(Collected data entries)
=== Begin Enclosure ===

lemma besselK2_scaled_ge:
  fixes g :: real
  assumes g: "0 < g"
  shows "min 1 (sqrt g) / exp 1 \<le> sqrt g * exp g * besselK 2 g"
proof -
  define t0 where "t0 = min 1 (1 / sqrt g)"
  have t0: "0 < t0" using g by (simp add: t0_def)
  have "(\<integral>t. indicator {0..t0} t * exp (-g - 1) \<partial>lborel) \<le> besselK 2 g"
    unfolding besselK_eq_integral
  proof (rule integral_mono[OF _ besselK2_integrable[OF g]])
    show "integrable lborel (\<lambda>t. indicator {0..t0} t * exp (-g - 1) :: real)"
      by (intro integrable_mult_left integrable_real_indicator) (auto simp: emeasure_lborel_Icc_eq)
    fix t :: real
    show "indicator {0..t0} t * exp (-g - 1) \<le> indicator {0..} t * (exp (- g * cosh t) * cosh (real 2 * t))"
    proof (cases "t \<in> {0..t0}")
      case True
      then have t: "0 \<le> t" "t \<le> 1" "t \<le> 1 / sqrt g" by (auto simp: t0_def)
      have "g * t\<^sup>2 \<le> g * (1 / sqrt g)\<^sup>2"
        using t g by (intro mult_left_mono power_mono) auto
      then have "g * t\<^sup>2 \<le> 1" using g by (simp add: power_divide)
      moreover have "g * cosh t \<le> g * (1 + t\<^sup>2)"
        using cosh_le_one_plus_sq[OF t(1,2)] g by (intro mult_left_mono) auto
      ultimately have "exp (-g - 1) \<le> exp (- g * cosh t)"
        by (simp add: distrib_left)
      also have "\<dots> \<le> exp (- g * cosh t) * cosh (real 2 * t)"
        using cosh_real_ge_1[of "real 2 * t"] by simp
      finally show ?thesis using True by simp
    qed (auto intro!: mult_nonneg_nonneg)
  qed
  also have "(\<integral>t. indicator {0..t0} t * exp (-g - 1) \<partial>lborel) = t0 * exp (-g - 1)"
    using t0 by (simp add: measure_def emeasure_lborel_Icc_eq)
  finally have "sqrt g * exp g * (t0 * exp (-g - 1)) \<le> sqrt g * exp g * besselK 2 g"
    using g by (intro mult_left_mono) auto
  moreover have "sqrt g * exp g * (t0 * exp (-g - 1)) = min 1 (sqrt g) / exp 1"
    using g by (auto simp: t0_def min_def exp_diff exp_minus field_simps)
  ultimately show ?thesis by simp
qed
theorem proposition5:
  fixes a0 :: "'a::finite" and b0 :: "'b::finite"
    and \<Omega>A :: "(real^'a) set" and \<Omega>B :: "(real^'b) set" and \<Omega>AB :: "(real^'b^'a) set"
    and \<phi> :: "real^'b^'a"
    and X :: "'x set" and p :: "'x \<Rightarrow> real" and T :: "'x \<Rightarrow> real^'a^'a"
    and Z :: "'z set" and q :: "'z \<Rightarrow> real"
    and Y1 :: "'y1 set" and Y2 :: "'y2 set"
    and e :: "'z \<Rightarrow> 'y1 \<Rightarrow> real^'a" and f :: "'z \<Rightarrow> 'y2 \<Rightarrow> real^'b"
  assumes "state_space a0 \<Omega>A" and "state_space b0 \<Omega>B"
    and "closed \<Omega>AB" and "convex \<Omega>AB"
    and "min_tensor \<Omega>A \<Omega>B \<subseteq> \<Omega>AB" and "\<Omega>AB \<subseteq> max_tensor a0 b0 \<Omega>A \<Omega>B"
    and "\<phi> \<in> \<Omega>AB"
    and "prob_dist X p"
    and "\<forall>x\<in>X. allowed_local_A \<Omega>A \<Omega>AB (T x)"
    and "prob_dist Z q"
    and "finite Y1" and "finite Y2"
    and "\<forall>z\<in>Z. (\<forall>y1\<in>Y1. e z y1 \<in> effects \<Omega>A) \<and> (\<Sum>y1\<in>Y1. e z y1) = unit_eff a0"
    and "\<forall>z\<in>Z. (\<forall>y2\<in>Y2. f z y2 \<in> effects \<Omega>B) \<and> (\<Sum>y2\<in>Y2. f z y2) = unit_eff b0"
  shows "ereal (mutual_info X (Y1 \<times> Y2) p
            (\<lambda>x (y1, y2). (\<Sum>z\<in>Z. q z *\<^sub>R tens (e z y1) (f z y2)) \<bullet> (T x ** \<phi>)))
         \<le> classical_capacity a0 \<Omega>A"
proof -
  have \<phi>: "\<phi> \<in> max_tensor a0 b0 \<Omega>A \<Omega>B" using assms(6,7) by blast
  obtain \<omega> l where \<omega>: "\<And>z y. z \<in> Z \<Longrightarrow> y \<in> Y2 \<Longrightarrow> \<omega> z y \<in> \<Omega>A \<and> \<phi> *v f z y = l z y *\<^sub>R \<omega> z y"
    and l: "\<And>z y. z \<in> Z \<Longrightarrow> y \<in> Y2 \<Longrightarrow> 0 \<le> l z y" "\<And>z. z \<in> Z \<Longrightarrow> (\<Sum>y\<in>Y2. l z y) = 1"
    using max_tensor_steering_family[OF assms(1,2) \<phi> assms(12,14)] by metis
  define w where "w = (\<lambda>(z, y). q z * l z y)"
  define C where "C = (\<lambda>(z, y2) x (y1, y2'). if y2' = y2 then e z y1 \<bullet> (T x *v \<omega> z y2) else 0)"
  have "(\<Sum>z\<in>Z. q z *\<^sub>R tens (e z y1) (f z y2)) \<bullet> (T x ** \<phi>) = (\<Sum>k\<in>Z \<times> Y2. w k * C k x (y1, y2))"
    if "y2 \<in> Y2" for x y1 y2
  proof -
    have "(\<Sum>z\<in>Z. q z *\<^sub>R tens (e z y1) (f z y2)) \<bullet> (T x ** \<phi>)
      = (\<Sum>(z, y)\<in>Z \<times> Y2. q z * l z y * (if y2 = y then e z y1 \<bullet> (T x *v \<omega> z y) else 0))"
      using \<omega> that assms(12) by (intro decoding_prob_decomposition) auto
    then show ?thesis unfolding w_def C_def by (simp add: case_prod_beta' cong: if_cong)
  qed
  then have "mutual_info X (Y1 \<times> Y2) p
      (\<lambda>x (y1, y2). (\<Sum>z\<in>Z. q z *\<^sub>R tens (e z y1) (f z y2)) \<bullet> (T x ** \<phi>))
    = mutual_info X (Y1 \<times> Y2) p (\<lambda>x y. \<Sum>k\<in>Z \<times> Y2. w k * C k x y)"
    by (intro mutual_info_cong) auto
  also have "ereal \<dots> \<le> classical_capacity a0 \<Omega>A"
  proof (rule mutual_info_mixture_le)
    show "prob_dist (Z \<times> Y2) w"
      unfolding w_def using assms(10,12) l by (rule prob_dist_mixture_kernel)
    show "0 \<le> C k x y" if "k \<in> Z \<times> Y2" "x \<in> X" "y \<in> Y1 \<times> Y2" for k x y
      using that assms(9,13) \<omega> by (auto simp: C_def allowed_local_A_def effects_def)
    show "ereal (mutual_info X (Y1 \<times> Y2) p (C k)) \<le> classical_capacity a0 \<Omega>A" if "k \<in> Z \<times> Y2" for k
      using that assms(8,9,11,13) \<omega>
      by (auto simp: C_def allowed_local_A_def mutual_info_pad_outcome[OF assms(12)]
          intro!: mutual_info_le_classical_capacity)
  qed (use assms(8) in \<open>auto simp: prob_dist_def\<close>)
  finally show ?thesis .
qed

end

=== End Enclosure ===

**REQUIREMENT**
When transcribing the data, keep every line exactly as it is.

**RESPONSE BELOW**
lemma besselK2_scaled_ge:
  fixes g :: real
  assumes g: "0 < g"
  shows "min 1 (sqrt g) / exp 1 \<le> sqrt g * exp g * besselK 2 g"
proof -
  define t0 where "t0 = min 1 (1 / sqrt g)"
  have t0: "0 < t0" using g by (simp add: t0_def)
  have "(\<integral>t. indicator {0..t0} t * exp (-g - 1) \<partial>lborel) \<le> besselK 2 g"
    unfolding besselK_eq_integral
  proof (rule integral_mono[OF _ besselK2_integrable[OF g]])
    show "integrable lborel (\<lambda>t. indicator {0..t0} t * exp (-g - 1) :: real)"
      by (intro integrable_mult_left integrable_real_indicator) (auto simp: emeasure_lborel_Icc_eq)
    fix t :: real
    show "indicator {0..t0} t * exp (-g - 1) \<le> indicator {0..} t * (exp (- g * cosh t) * cosh (real 2 * t))"
    proof (cases "t \<in> {0..t0}")
      case True
      then have t: "0 \<le> t" "t \<le> 1" "t \<le> 1 / sqrt g" by (auto simp: t0_def)
      have "g * t\<^sup>2 \<le> g * (1 / sqrt g)\<^sup>2"
        using t g by (intro mult_left_mono power_mono) auto
      then have "g * t\<^sup>2 \<le> 1" using g by (simp add: power_divide)
      moreover have "g * cosh t \<le> g * (1 + t\<^sup>2)"
        using cosh_le_one_plus_sq[OF t(1,2)] g by (intro mult_left_mono) auto
      ultimately have "exp (-g - 1) \<le> exp (- g * cosh t)"
        by (simp add: distrib_left)
      also have "\<dots> \<le> exp (- g * cosh t) * cosh (real 2 * t)"
        using cosh_real_ge_1[of "real 2 * t"] by simp
      finally show ?thesis using True by simp
    qed (auto intro!: mult_nonneg_nonneg)
  qed
  also have "(\<integral>t. indicator {0..t0} t * exp (-g - 1) \<partial>lborel) = t0 * exp (-g - 1)"
    using t0 by (simp add: measure_def emeasure_lborel_Icc_eq)
  finally have "sqrt g * exp g * (t0 * exp (-g - 1)) \<le> sqrt g * exp g * besselK 2 g"
    using g by (intro mult_left_mono) auto
  moreover have "sqrt g * exp g * (t0 * exp (-g - 1)) = min 1 (sqrt g) / exp 1"
    using g by (auto simp: t0_def min_def exp_diff exp_minus field_simps)
  ultimately show ?thesis by simp
qed
theorem proposition5:
  fixes a0 :: "'a::finite" and b0 :: "'b::finite"
    and \<Omega>A :: "(real^'a) set" and \<Omega>B :: "(real^'b) set" and \<Omega>AB :: "(real^'b^'a) set"
    and \<phi> :: "real^'b^'a"
    and X :: "'x set" and p :: "'x \<Rightarrow> real" and T :: "'x \<Rightarrow> real^'a^'a"
    and Z :: "'z set" and q :: "'z \<Rightarrow> real"
    and Y1 :: "'y1 set" and Y2 :: "'y2 set"
    and e :: "'z \<Rightarrow> 'y1 \<Rightarrow> real^'a" and f :: "'z \<Rightarrow> 'y2 \<Rightarrow> real^'b"
  assumes "state_space a0 \<Omega>A" and "state_space b0 \<Omega>B"
    and "closed \<Omega>AB" and "convex \<Omega>AB"
    and "min_tensor \<Omega>A \<Omega>B \<subseteq> \<Omega>AB" and "\<Omega>AB \<subseteq> max_tensor a0 b0 \<Omega>A \<Omega>B"
    and "\<phi> \<in> \<Omega>AB"
    and "prob_dist X p"
    and "\<forall>x\<in>X. allowed_local_A \<Omega>A \<Omega>AB (T x)"
    and "prob_dist Z q"
    and "finite Y1" and "finite Y2"
    and "\<forall>z\<in>Z. (\<forall>y1\<in>Y1. e z y1 \<in> effects \<Omega>A) \<and> (\<Sum>y1\<in>Y1. e z y1) = unit_eff a0"
    and "\<forall>z\<in>Z. (\<forall>y2\<in>Y2. f z y2 \<in> effects \<Omega>B) \<and> (\<Sum>y2\<in>Y2. f z y2) = unit_eff b0"
  shows "ereal (mutual_info X (Y1 \<times> Y2) p
            (\<lambda>x (y1, y2). (\<Sum>z\<in>Z. q z *\<^sub>R tens (e z y1) (f z y2)) \<bullet> (T x ** \<phi>)))
         \<le> classical_capacity a0 \<Omega>A"
proof -
  have \<phi>: "\<phi> \<in> max_tensor a0 b0 \<Omega>A \<Omega>B" using assms(6,7) by blast
  obtain \<omega> l where \<omega>: "\<And>z y. z \<in> Z \<Longrightarrow> y \<in> Y2 \<Longrightarrow> \<omega> z y \<in> \<Omega>A \<and> \<phi> *v f z y = l z y *\<^sub>R \<omega> z y"
    and l: "\<And>z y. z \<in> Z \<Longrightarrow> y \<in> Y2 \<Longrightarrow> 0 \<le> l z y" "\<And>z. z \<in> Z \<Longrightarrow> (\<Sum>y\<in>Y2. l z y) = 1"
    using max_tensor_steering_family[OF assms(1,2) \<phi> assms(12,14)] by metis
  define w where "w = (\<lambda>(z, y). q z * l z y)"
  define C where "C = (\<lambda>(z, y2) x (y1, y2'). if y2' = y2 then e z y1 \<bullet> (T x *v \<omega> z y2) else 0)"
  have "(\<Sum>z\<in>Z. q z *\<^sub>R tens (e z y1) (f z y2)) \<bullet> (T x ** \<phi>) = (\<Sum>k\<in>Z \<times> Y2. w k * C k x (y1, y2))"
    if "y2 \<in> Y2" for x y1 y2
  proof -
    have "(\<Sum>z\<in>Z. q z *\<^sub>R tens (e z y1) (f z y2)) \<bullet> (T x ** \<phi>)
      = (\<Sum>(z, y)\<in>Z \<times> Y2. q z * l z y * (if y2 = y then e z y1 \<bullet> (T x *v \<omega> z y) else 0))"
      using \<omega> that assms(12) by (intro decoding_prob_decomposition) auto
    then show ?thesis unfolding w_def C_def by (simp add: case_prod_beta' cong: if_cong)
  qed
  then have "mutual_info X (Y1 \<times> Y2) p
      (\<lambda>x (y1, y2). (\<Sum>z\<in>Z. q z *\<^sub>R tens (e z y1) (f z y2)) \<bullet> (T x ** \<phi>))
    = mutual_info X (Y1 \<times> Y2) p (\<lambda>x y. \<Sum>k\<in>Z \<times> Y2. w k * C k x y)"
    by (intro mutual_info_cong) auto
  also have "ereal \<dots> \<le> classical_capacity a0 \<Omega>A"
  proof (rule mutual_info_mixture_le)
    show "prob_dist (Z \<times> Y2) w"
      unfolding w_def using assms(10,12) l by (rule prob_dist_mixture_kernel)
    show "0 \<le> C k x y" if "k \<in> Z \<times> Y2" "x \<in> X" "y \<in> Y1 \<times> Y2" for k x y
      using that assms(9,13) \<omega> by (auto simp: C_def allowed_local_A_def effects_def)
    show "ereal (mutual_info X (Y1 \<times> Y2) p (C k)) \<le> classical_capacity a0 \<Omega>A" if "k \<in> Z \<times> Y2" for k
      using that assms(8,9,11,13) \<omega>
      by (auto simp: C_def allowed_local_A_def mutual_info_pad_outcome[OF assms(12)]
          intro!: mutual_info_le_classical_capacity)
  qed (use assms(8) in \<open>auto simp: prob_dist_def\<close>)
  finally show ?thesis .
qed

end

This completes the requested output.